Home > Documents > classes > prediction > projects > project-000

Within project-000 I would create two folders, one for r scripts/markdown called R/ and one for data called data/

I have posted the a link to a .zip file of the housing data on the README.md. Download this to your data/ folder and unzip it

For simplicity I copied Ed’s data.table() code from from Connor Lennon’s Rpubs page page on kaggle notebooks on a new R script

Note: Let me know if you guys are interested in learning about data.table!!

“Get a feel for the data”

Question 03 (bullet 2) says “Get a feel for the data- graphs, summaries, etc”

I cannot stress enough how important it is that you do this with each new dataset you come across!
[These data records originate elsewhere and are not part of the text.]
text \<open>
  By Bezout in each variable separately, the ideal \<open>\<langle>a(s), b(t)\<rangle>\<close> is the intersection of the
  ideals \<open>\<langle>(s + \<alpha>)^m, (t + \<beta>)^n\<rangle>\<close>, where \<open>-\<alpha>\<close> runs through the roots of \<open>a\<close> with
  multiplicity \<open>m\<close> and \<open>-\<beta>\<close> through the roots of \<open>b\<close> with multiplicity \<open>n\<close>. For one such pair,
  \<open>p(s + t)\<close> lies in \<open>\<langle>(s + \<alpha>)^m, (t + \<beta>)^n\<rangle>\<close> iff \<open>(x + \<alpha> + \<beta>)^(m+n-1)\<close> divides \<open>p\<close>:
  sufficiency comes from the binomial expansion of \<open>((s + \<alpha>) + (t + \<beta>))^(m+n-1)\<close>; for
  necessity, putting \<open>s = -\<alpha>\<close> settles \<open>m = 1\<close>, and differentiating in \<open>s\<close> lowers \<open>m\<close> by one
  while lowering the order of the root \<open>-(\<alpha> + \<beta>)\<close> of \<open>p\<close> by one. Hence \<open>p(s + t)\<close> lies in
  \<open>\<langle>a(s), b(t)\<rangle>\<close> iff \<open>a * b\<close> divides \<open>p\<close>, and since \<open>p \<mapsto> p(s + t)\<close> is an injective ring
  homomorphism, the intersection with \<open>\<complex>[s + t]\<close> is generated by \<open>(a * b)(s + t)\<close>; a monic
  generator of a principal ideal is unique.
\<close>

lemma coeff_in_s [simp]: "coeff (in_s p) i = [:coeff p i:]"
  by (simp add: in_s_def coeff_map_poly)

lemma in_s_0 [simp]: "in_s 0 = 0"
  by (rule poly_eqI) simp

lemma in_s_1 [simp]: "in_s 1 = 1"
  by (rule poly_eqI) (simp add: coeff_1)

lemma in_s_pCons [simp]: "in_s (pCons c p) = pCons [:c:] (in_s p)"
  by (rule poly_eqI) (simp add: coeff_pCons split: nat.splits)

lemma in_s_add [simp]: "in_s (p + q) = in_s p + in_s q"
  by (rule poly_eqI) simp

lemma in_s_smult [simp]: "in_s (smult c p) = smult [:c:] (in_s p)"
  by (rule poly_eqI) simp

lemma in_s_mult [simp]: "in_s (p * q) = in_s p * in_s q"
  by (induction p) (simp_all add: algebra_simps)

lemma in_s_power [simp]: "in_s (p ^ n) = in_s p ^ n"
  by (induction n) simp_all

lemma pderiv_in_s: "pderiv (in_s p) = in_s (pderiv p)"
  by (induction p) (simp_all add: pderiv_pCons)

lemma in_t_mult [simp]: "in_t (p * q) = in_t p * in_t q"
  by (simp add: in_t_def)

lemma in_t_1 [simp]: "in_t 1 = 1"
  by (simp add: in_t_def one_pCons)

lemma in_t_add [simp]: "in_t (p + q) = in_t p + in_t q"
  by (simp add: in_t_def)

lemma in_t_power [simp]: "in_t (p ^ n) = in_t p ^ n"
  by (induction n) simp_all

lemma pderiv_in_t [simp]: "pderiv (in_t p) = 0"
  by (simp add: in_t_def)

lemma poly_in_t [simp]: "poly (in_t p) x = p"
  by (simp add: in_t_def)

lemma in_sum_add [simp]: "in_sum (p + q) = in_sum p + in_sum q"
  by (simp add: in_sum_def pcompose_add)

lemma in_sum_mult [simp]: "in_sum (p * q) = in_sum p * in_sum q"
  by (simp add: in_sum_def pcompose_mult)

lemma in_sum_1 [simp]: "in_sum 1 = 1"
  by (simp add: in_sum_def pcompose_1)
lemma mem_Cset_iff:
  fixes A :: "real^'n^'n"
  assumes "0 < u"
  shows "A \<in> Cset u v \<longleftrightarrow> sym_mat A
    \<and> (\<forall>x. u * (x \<bullet> x) \<le> x \<bullet> (A *v x)) \<and> (\<forall>x. x \<bullet> (A *v x) \<le> v * (x \<bullet> x))"
proof -
  have "sym_mat (A - u *\<^sub>R mat 1) \<and> sym_mat (v *\<^sub>R mat 1 - A)" if "sym_mat A"
    using that by (intro conjI sym_mat_diff sym_mat_scaleR sym_mat_mat)
  moreover have "0 < x \<bullet> (A *v x)" if "x \<noteq> 0" and "u * (x \<bullet> x) \<le> x \<bullet> (A *v x)" for x
    using that assms by (metis inner_gt_zero_iff mult_pos_pos order_less_le_trans)
  ultimately show ?thesis
    unfolding Cset_def pd_def loewner_le_def psd_def
    by (auto simp: matrix_vector_mult_diff_rdistrib scaleR_matrix_vector_assoc[symmetric]
        inner_diff_right)
qed

lemma selfadjoint_pinched_Cset:
  assumes "A \<in> Cset u v" and "0 < u" and "u * v = 1"
  shows "selfadjoint_pinched ((*v) A) u v"
  using assms sym_mat_inner
  by unfold_locales (auto simp: mem_Cset_iff matrix_vector_right_distrib matrix_vector_mult_scaleR)

lemma mem_Cset_1_1: "A \<in> Cset 1 1 \<Longrightarrow> A = mat 1"
  using sym_mat_quadratic_form_eq_0[of "A - mat 1"]
  by (force simp: mem_Cset_iff sym_mat_diff sym_mat_mat matrix_vector_mult_diff_rdistrib
      inner_diff_right intro: order.antisym)

lemma invertible_if_pd:
  fixes A :: "real^'n^'n"
  assumes "pd A"
  shows "invertible A"
proof -
  have "A *v x = 0 \<Longrightarrow> x = 0" for x
    using assms unfolding pd_def by (metis inner_zero_right less_irrefl)
  then show ?thesis
    by (simp add: matrix_left_invertible_ker invertible_left_inverse)
qed

lemma matrix_mul_matrix_inv:
  assumes "invertible A"
  shows "A ** matrix_inv A = mat 1" and "matrix_inv A ** A = mat 1"
  using someI_ex[OF assms[unfolded invertible_def]] unfolding matrix_inv_def by auto

lemma matrix_inv_eqI:
  fixes A B :: "'a::comm_semiring_1^'n^'n"
  assumes "A ** B = mat 1" and "B ** A = mat 1"
  shows "matrix_inv A = B"
proof -
  have inv: "invertible A"
    using assms invertible_def by blast
  have "B = (matrix_inv A ** A) ** B"
    by (simp add: matrix_mul_matrix_inv(2)[OF inv])
  also have "\<dots> = matrix_inv A"
    by (simp add: matrix_mul_assoc[symmetric] assms(1))
  finally show ?thesis ..
qed

lemma matrix_inv_matrix_inv:
  fixes A :: "'a::comm_semiring_1^'n^'n"
  shows "invertible A \<Longrightarrow> matrix_inv (matrix_inv A) = A"
  by (intro matrix_inv_eqI matrix_mul_matrix_inv)

lemma sym_mat_matrix_inv:
  assumes "sym_mat A" and "invertible A"
  shows "sym_mat (matrix_inv A)"
proof -
  have "matrix_inv A = transpose (matrix_inv A)"
    using matrix_mul_matrix_inv[OF \<open>invertible A\<close>] \<open>sym_mat A\<close>
    by (intro matrix_inv_eqI) (metis matrix_transpose_mul sym_mat_def transpose_mat)+
  then show ?thesis
    by (simp add: sym_mat_def)
qed

lemma invertible_if_mem_Cset: "A \<in> Cset u v \<Longrightarrow> invertible A"
  by (simp add: Cset_def invertible_if_pd)

lemma matrix_inv_mem_Cset:
  fixes A :: "real^'n^'n"
  assumes A: "A \<in> Cset u v" and "0 < u" and "u * v = 1"
  shows "matrix_inv A \<in> Cset u v"
proof -
  interpret selfadjoint_pinched "(*v) A" u v
    using selfadjoint_pinched_Cset assms .
  have inv: "invertible A"
    using invertible_if_mem_Cset[OF A] .
  have "A *v (matrix_inv A *v x) = x" for x
    by (simp add: matrix_vector_mul_assoc matrix_mul_matrix_inv(1)[OF inv])
  then have "u * (x \<bullet> x) \<le> x \<bullet> (matrix_inv A *v x) \<and> x \<bullet> (matrix_inv A *v x) \<le> v * (x \<bullet> x)" for x
    using inverse_quadratic_form_lower inverse_quadratic_form_upper by blast
  moreover have "sym_mat A"
    using A \<open>0 < u\<close> by (simp add: mem_Cset_iff)
  ultimately show ?thesis
    using \<open>0 < u\<close> sym_mat_matrix_inv[OF _ inv] by (simp add: mem_Cset_iff)
qed

lemma reflection_mem_Cset:
  fixes W :: "real^'n^'n"
  assumes "W \<in> Cset u v" and "0 < u"
  shows "(u + v) *\<^sub>R mat 1 - W \<in> Cset u v"
proof -
  have "sym_mat ((u + v) *\<^sub>R mat 1 - W)"
    using assms by (intro sym_mat_diff sym_mat_scaleR sym_mat_mat) (simp add: mem_Cset_iff)
  then show ?thesis
    using assms by (auto simp: mem_Cset_iff matrix_vector_mult_diff_rdistrib
        scaleR_matrix_vector_assoc[symmetric] inner_diff_right algebra_simps)
qed

lemma step_mem_Cset:
  fixes A :: "real^'n^'n"
  assumes A: "A \<in> Cset u v" and "0 < u" and "u < v" and "u * v = 1"
  shows "A - (u / (v - u)) *\<^sub>R ((u + v) *\<^sub>R mat 1 - A - matrix_inv A) \<in> Cset u v"
proof -
  interpret selfadjoint_pinched "(*v) A" u v
    using selfadjoint_pinched_Cset A \<open>0 < u\<close> \<open>u * v = 1\<close> .
  define s where "s = u / (v - u)"
  define m where "m x = (u + v) * (x \<bullet> x) - x \<bullet> (A *v x) - x \<bullet> (matrix_inv A *v x)" for x
  define Z where "Z = A - s *\<^sub>R ((u + v) *\<^sub>R mat 1 - A - matrix_inv A)"
  have inv: "A *v (matrix_inv A *v x) = x" for x
    using invertible_if_mem_Cset[OF A] by (simp add: matrix_vector_mul_assoc matrix_mul_matrix_inv(1))
  have form: "x \<bullet> (Z *v x) = x \<bullet> (A *v x) - s * m x" for x
    by (simp add: Z_def m_def matrix_vector_mult_diff_rdistrib scaleR_matrix_vector_assoc[symmetric]
        inner_diff_right algebra_simps)
  have "x \<bullet> (Z *v x) \<le> v * (x \<bullet> x)" for x
  proof -
    have "0 \<le> s * m x"
      using quadratic_form_add_inverse_le[OF inv \<open>u < v\<close>, of x] \<open>0 < u\<close> \<open>u < v\<close>
      unfolding s_def m_def by (intro mult_nonneg_nonneg divide_nonneg_nonneg) simp_all
    then show ?thesis
      using upper[of x] form[of x] by linarith
  qed
  moreover have "u * (x \<bullet> x) \<le> x \<bullet> (Z *v x)" for x
  proof -
    have "u * m x / (v - u) \<le> x \<bullet> (A *v x) - u * (x \<bullet> x)"
      using quadratic_form_gap_bound[OF inv, of x] \<open>u < v\<close>
      by (simp add: m_def pos_divide_le_eq mult.commute)
    then show ?thesis
      using form[of x] by (simp add: s_def)
  qed
  moreover have "sym_mat Z"
    using A \<open>0 < u\<close> sym_mat_matrix_inv[OF _ invertible_if_mem_Cset[OF A]] unfolding Z_def
    by (intro sym_mat_diff sym_mat_scaleR sym_mat_mat) (auto simp: mem_Cset_iff)
  ultimately show ?thesis
    using \<open>0 < u\<close> by (simp add: mem_Cset_iff Z_def s_def)
qed

lemma linear_trace_matrix_mult: "linear (\<lambda>X. trace ((B :: real^'n^'n) ** X))"
  by (rule linearI) (simp_all add: matrix_add_ldistrib trace_add sum.distrib matrix_scalar_ac
      scalar_matrix_assoc[symmetric] trace_def sum_distrib_left)

lemma mem_normal_cone_iff:
  "B \<in> normal_cone C A \<longleftrightarrow> sym_mat B \<and> (\<forall>Z\<in>C. trace (B ** Z) \<le> trace (B ** A))"
  by (auto simp: normal_cone_def sym_mat_def matrix_add_ldistrib trace_sub
      linear_diff[OF linear_trace_matrix_mult])

lemma ex_step_mem_Cset:
  fixes A :: "real^'n^'n"
  assumes A: "A \<in> Cset u v" and "0 < u" and "u \<le> v" and "u * v = 1"
  obtains s where "0 < s" and "A - s *\<^sub>R ((u + v) *\<^sub>R mat 1 - A - matrix_inv A) \<in> Cset u v"
proof (cases "u = v")
  case True
  then have "u = 1" "v = 1"
    using \<open>0 < u\<close> \<open>u * v = 1\<close> power2_eq_1_iff[of u] by (auto simp: power2_eq_square)
  then have "A = mat 1" "matrix_inv A = mat 1"
    using A mem_Cset_1_1 matrix_inv_eqI[of "mat 1" "mat 1"] by auto
  then have "(u + v) *\<^sub>R mat 1 - A - matrix_inv A = 0"
    using \<open>u = 1\<close> \<open>v = 1\<close> by (simp add: vec_eq_iff mat_def)
  then show ?thesis
    using that[of 1] A by simp
next
  case False
  then show ?thesis
    using that[of "u / (v - u)"] step_mem_Cset[OF A \<open>0 < u\<close> _ \<open>u * v = 1\<close>] \<open>0 < u\<close> \<open>u \<le> v\<close>
    by simp
qed
(* For an $L$-layer LISTA network at initialization (all weight entries i.i.d. $\mathcal N(0,1)$), for any $l\in[L]$ and $i\in[m]$ we have $|x_i^l|\le\ln(m)+|\sigma(0)|$ with probability at least $1-2e^{-c^l_{\mathbf x}\ln^2(m)}$ for some constant $c^l_{\mathbf x}>0$.
   Context: Fix $\lambda>0$ and $\sigma(x)=\log(1+e^{x-\lambda})-\log(1+e^{-x-\lambda})$ (componentwise), $L_\sigma$-Lipschitz. Input $\mathbf y\in\mathbb R^n$ with $|y_i|\le C_y$, initial vector $\mathbf x^0\in\mathbb R^m$ with $|x^0_i|\le C_x$. LISTA layers: $\mathbf x^l=\sigma\big(\frac1{\sqrt n}W_1^l\mathbf y+\frac1{\sqrt m}W_2^l\mathbf x^{l-1}\big)$, $l\in[L]$, with $W_1^l\in\mathbb R^{m\times n}$, $W_2^l\in\mathbb R^{m\times m}$; "at initialization" means all entries of $W_1^l,W_2^l$ are i.i.d. $\mathcal N(0,1)$. *)

theory Defs
  imports "HOL-Probability.Probability"
begin

definition lista_sigma :: "real \<Rightarrow> real \<Rightarrow> real" where
  "lista_sigma lam x = ln (1 + exp (x - lam)) - ln (1 + exp (- x - lam))"

text \<open>Vectors in R^n / R^m are functions on indices 0..n-1 / 0..m-1.
  W1 l i j (i < m, j < n) and W2 l i j (i < m, j < m) are the entries of the
  layer-l weight matrices (layers l = 1..L).\<close>
fun lista_x :: "real \<Rightarrow> nat \<Rightarrow> nat \<Rightarrow> (nat \<Rightarrow> real) \<Rightarrow> (nat \<Rightarrow> real)
    \<Rightarrow> (nat \<Rightarrow> nat \<Rightarrow> nat \<Rightarrow> real) \<Rightarrow> (nat \<Rightarrow> nat \<Rightarrow> nat \<Rightarrow> real) \<Rightarrow> nat \<Rightarrow> nat \<Rightarrow> real" where
  "lista_x lam m n y x0 W1 W2 0 = x0"
| "lista_x lam m n y x0 W1 W2 (Suc l) =
     (\<lambda>i. lista_sigma lam
        ((1 / sqrt (real n)) * (\<Sum>j<n. W1 (Suc l) i j * y j)
       + (1 / sqrt (real m)) * (\<Sum>j<m. W2 (Suc l) i j * lista_x lam m n y x0 W1 W2 l j)))"

text \<open>Index set of all weight entries of an L-layer network:
  Inl (l,i,j) for W1 entries, Inr (l,i,j) for W2 entries.\<close>
definition lista_index :: "nat \<Rightarrow> nat \<Rightarrow> nat \<Rightarrow> ((nat \<times> nat \<times> nat) + (nat \<times> nat \<times> nat)) set" where
  "lista_index L m n =
     Inl ` {(l, i, j). l \<in> {1..L} \<and> i < m \<and> j < n}
   \<union> Inr ` {(l, i, j). l \<in> {1..L} \<and> i < m \<and> j < m}"

definition lista_weight :: "(nat \<Rightarrow> nat \<Rightarrow> nat \<Rightarrow> 'a \<Rightarrow> real) \<Rightarrow> (nat \<Rightarrow> nat \<Rightarrow> nat \<Rightarrow> 'a \<Rightarrow> real)
    \<Rightarrow> ((nat \<times> nat \<times> nat) + (nat \<times> nat \<times> nat)) \<Rightarrow> 'a \<Rightarrow> real" where
  "lista_weight W1 W2 k = (case k of Inl (l, i, j) \<Rightarrow> W1 l i j | Inr (l, i, j) \<Rightarrow> W2 l i j)"

definition lista_init :: "'a measure \<Rightarrow> nat \<Rightarrow> nat \<Rightarrow> nat
    \<Rightarrow> (nat \<Rightarrow> nat \<Rightarrow> nat \<Rightarrow> 'a \<Rightarrow> real) \<Rightarrow> (nat \<Rightarrow> nat \<Rightarrow> nat \<Rightarrow> 'a \<Rightarrow> real) \<Rightarrow> bool" where
  "lista_init M L m n W1 W2 \<longleftrightarrow>
     prob_space M \<and>
     prob_space.indep_vars M (\<lambda>_. borel) (lista_weight W1 W2) (lista_index L m n) \<and>
     (\<forall>k \<in> lista_index L m n.
        distributed M lborel (lista_weight W1 W2 k) (\<lambda>x. ennreal (std_normal_density x)))"

end

theory Submission
  imports Defs
begin
lemma kernel_factor:
  "is_kernel C \<phi> X Y \<kappa> K \<Longrightarrow> \<alpha> \<in> Hom C M X \<Longrightarrow> cmp C \<alpha> \<phi> = zer C M Y \<Longrightarrow>
    \<exists>a \<in> Hom C M K. \<alpha> = cmp C a \<kappa>"
  unfolding is_kernel_def by blast

lemma cokernel_factor:
  "is_cokernel C \<phi> X Y lam L \<Longrightarrow> \<beta> \<in> Hom C Y M \<Longrightarrow> cmp C \<phi> \<beta> = zer C X M \<Longrightarrow>
    \<exists>b \<in> Hom C L M. \<beta> = cmp C lam b"
  unfolding is_cokernel_def by blast

lemma kernel_cancel:
  assumes ker: "is_kernel C \<phi> X Y \<kappa> K" and \<phi>: "\<phi> \<in> Hom C X Y"
    and a: "a \<in> Hom C M K" and b: "b \<in> Hom C M K" and eq: "cmp C a \<kappa> = cmp C b \<kappa>"
  shows "a = b"
proof -
  have \<kappa>: "\<kappa> \<in> Hom C K X" and \<kappa>\<phi>: "cmp C \<kappa> \<phi> = zer C K Y"
    using ker unfolding is_kernel_def by auto
  have "cmp C (cmp C a \<kappa>) \<phi> = zer C M Y"
    by (simp add: cmp_assoc[OF a \<kappa> \<phi>] \<kappa>\<phi> cmp_zer_right[OF a])
  then have "\<exists>!a'. a' \<in> Hom C M K \<and> cmp C a \<kappa> = cmp C a' \<kappa>"
    using ker cmp_closed[OF a \<kappa>] unfolding is_kernel_def by blast
  then show ?thesis using a b eq by blast
qed

lemma cokernel_cancel:
  assumes coker: "is_cokernel C \<phi> X Y lam L" and \<phi>: "\<phi> \<in> Hom C X Y"
    and a: "a \<in> Hom C L M" and b: "b \<in> Hom C L M" and eq: "cmp C lam a = cmp C lam b"
  shows "a = b"
proof -
  have lam: "lam \<in> Hom C Y L" and \<phi>lam: "cmp C \<phi> lam = zer C X L"
    using coker unfolding is_cokernel_def by auto
  have "cmp C \<phi> (cmp C lam a) = zer C X M"
    by (simp add: cmp_assoc[OF \<phi> lam a, symmetric] \<phi>lam cmp_zer_left[OF a])
  then have "\<exists>!a'. a' \<in> Hom C L M \<and> cmp C lam a = cmp C lam a'"
    using coker cmp_closed[OF lam a] unfolding is_cokernel_def by blast
  then show ?thesis using a b eq by blast
qed

lemma kernel_right_inverse:
  assumes ker: "is_kernel C \<phi> X Y \<kappa> K" and \<phi>: "\<phi> \<in> Hom C X Y"
    and a: "a \<in> Hom C X K" and \<kappa>a\<kappa>: "cmp C \<kappa> (cmp C a \<kappa>) = \<kappa>"
  shows "cmp C \<kappa> a = idm C K"
proof (rule kernel_cancel[OF ker \<phi>])
  have \<kappa>: "\<kappa> \<in> Hom C K X" using ker unfolding is_kernel_def by blast
  note [simp] = \<kappa>[unfolded hom_iff] a[unfolded hom_iff]
  show "cmp C \<kappa> a \<in> Hom C K K" "idm C K \<in> Hom C K K" by (simp_all add: hom_iff)
  show "cmp C (cmp C \<kappa> a) \<kappa> = cmp C (idm C K) \<kappa>" by (simp add: \<kappa>a\<kappa>)
qed

lemma cokernel_left_inverse:
  assumes coker: "is_cokernel C \<phi> X Y lam L" and \<phi>: "\<phi> \<in> Hom C X Y"
    and b: "b \<in> Hom C L Y" and lam_b_lam: "cmp C lam (cmp C b lam) = lam"
  shows "cmp C b lam = idm C L"
proof (rule cokernel_cancel[OF coker \<phi>])
  have lam: "lam \<in> Hom C Y L" using coker unfolding is_cokernel_def by blast
  note [simp] = lam[unfolded hom_iff] b[unfolded hom_iff]
  show "cmp C b lam \<in> Hom C L L" "idm C L \<in> Hom C L L" by (simp_all add: hom_iff)
  show "cmp C lam (cmp C b lam) = cmp C lam (idm C L)" by (simp add: lam_b_lam)
qed

lemma cmp_inner_inverse_kernel_annihilator:
  assumes ker: "is_kernel C \<phi> X Y \<kappa> K" and \<phi>: "\<phi> \<in> Hom C X Y" and \<psi>: "\<psi> \<in> Hom C Y X"
    and inner: "cmp C \<phi> (cmp C \<psi> \<phi>) = \<phi>"
    and F: "F \<in> Hom C X Z" and \<kappa>F: "cmp C \<kappa> F = zer C K Z"
  shows "cmp C \<phi> (cmp C \<psi> F) = F"
proof -
  have \<kappa>: "\<kappa> \<in> Hom C K X" using ker unfolding is_kernel_def by blast
  note [simp] = \<phi>[unfolded hom_iff] \<psi>[unfolded hom_iff] \<kappa>[unfolded hom_iff] F[unfolded hom_iff]
  let ?e = "sub_mor C (idm C X) (cmp C \<phi> \<psi>)"
  have "?e \<in> Hom C X X" "cmp C ?e \<phi> = zer C X Y" by (simp_all add: hom_iff inner)
  then obtain a where a: "a \<in> Hom C X K" "?e = cmp C a \<kappa>"
    using kernel_factor[OF ker] by blast
  then have "cmp C ?e F = zer C X Z" by (simp add: hom_iff \<kappa>F)
  then have "sub_mor C F (cmp C \<phi> (cmp C \<psi> F)) = zer C X Z" by simp
  then show ?thesis using sub_mor_eq_zerD_arr[of F "cmp C \<phi> (cmp C \<psi> F)"] by simp
qed
text \<open>The eigenvalue bound: if the quadratic form of a symmetric matrix is nonpositive on
  the orthogonal complement of rs, then at most length rs eigenvalues are positive.
  Otherwise the complement of rs and of the eigenvectors with nonpositive eigenvalues
  contains a nonzero vector, on which the form is positive.\<close>

theorem nonpos_eigenvalues_lower_bound:
  fixes A :: "real mat"
  assumes A: "A \<in> carrier_mat n n" and sym: "A\<^sup>T = A"
    and rs: "set rs \<subseteq> carrier_vec n"
    and nonpos: "\<And>x. x \<in> carrier_vec n \<Longrightarrow> \<forall>r\<in>set rs. r \<bullet> x = 0 \<Longrightarrow> x \<bullet> (A *\<^sub>v x) \<le> 0"
  shows "n \<le> length rs + num_nonpos_eigenvalues A"
proof (rule ccontr)
  assume contra: "\<not> ?thesis"
  obtain vs es where eb: "orthonormal_eigenbasis n A vs es"
    using real_spectral_theorem[OF A sym] by blast
  then have vs: "orthonormal n vs" "length vs = n" and les: "length es = n"
    unfolding orthonormal_eigenbasis_def by auto
  define J where "J = filter (\<lambda>i. es ! i \<le> 0) [0..<n]"
  have "filter (\<lambda>e. e \<le> 0) es = filter (\<lambda>e. e \<le> 0) (map (nth es) [0..<n])"
    using map_nth[of es] les by simp
  also have "\<dots> = map (nth es) J" unfolding J_def filter_map comp_def ..
  finally have "num_nonpos_eigenvalues A = length J"
    unfolding num_nonpos_eigenvalues_split[OF A eigenbasis_char_poly[OF A eb]] by simp
  define cs where "cs = rs @ map (\<lambda>i. vs ! i) J"
  have "set cs \<subseteq> carrier_vec n"
    unfolding cs_def J_def using rs orthonormal_carrier[OF vs(1)] vs(2) by auto
  moreover have "length cs < n"
    unfolding cs_def using contra \<open>num_nonpos_eigenvalues A = length J\<close> by simp
  ultimately obtain x where x: "x \<in> carrier_vec n" "x \<noteq> 0\<^sub>v n" and xo: "\<forall>c\<in>set cs. c \<bullet> x = 0"
    using nonzero_orthogonal_vector by blast
  have "x \<bullet> (A *\<^sub>v x) > 0"
  proof (rule eigenbasis_form_positive[OF A eb x])
    fix i assume "i < n" "es ! i \<le> 0"
    then have "vs ! i \<in> set cs" unfolding cs_def J_def by auto
    with xo show "vs ! i \<bullet> x = 0" by blast
  qed
  moreover have "x \<bullet> (A *\<^sub>v x) \<le> 0" using nonpos[OF x(1)] xo unfolding cs_def by simp
  ultimately show False by simp
qed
Before you ever run a regression:

plot the data to look for patterns
Look at the data set using View(), glimpse(), or skimr::skim()

Sidebar: Codebooks

Codebooks are extremely useful for understanding variables and what the heck the variable names mean. Read the codebook always.

I like to print them out and tape them to my wall

Let’s use dplyr and ggplot2 to plot the data using pipe operators!

In class example of how to use these two packages to analyze different cuts of housing data

Note: this is really simple visualization with little forethought.. Just a showcase of how to use these packages together!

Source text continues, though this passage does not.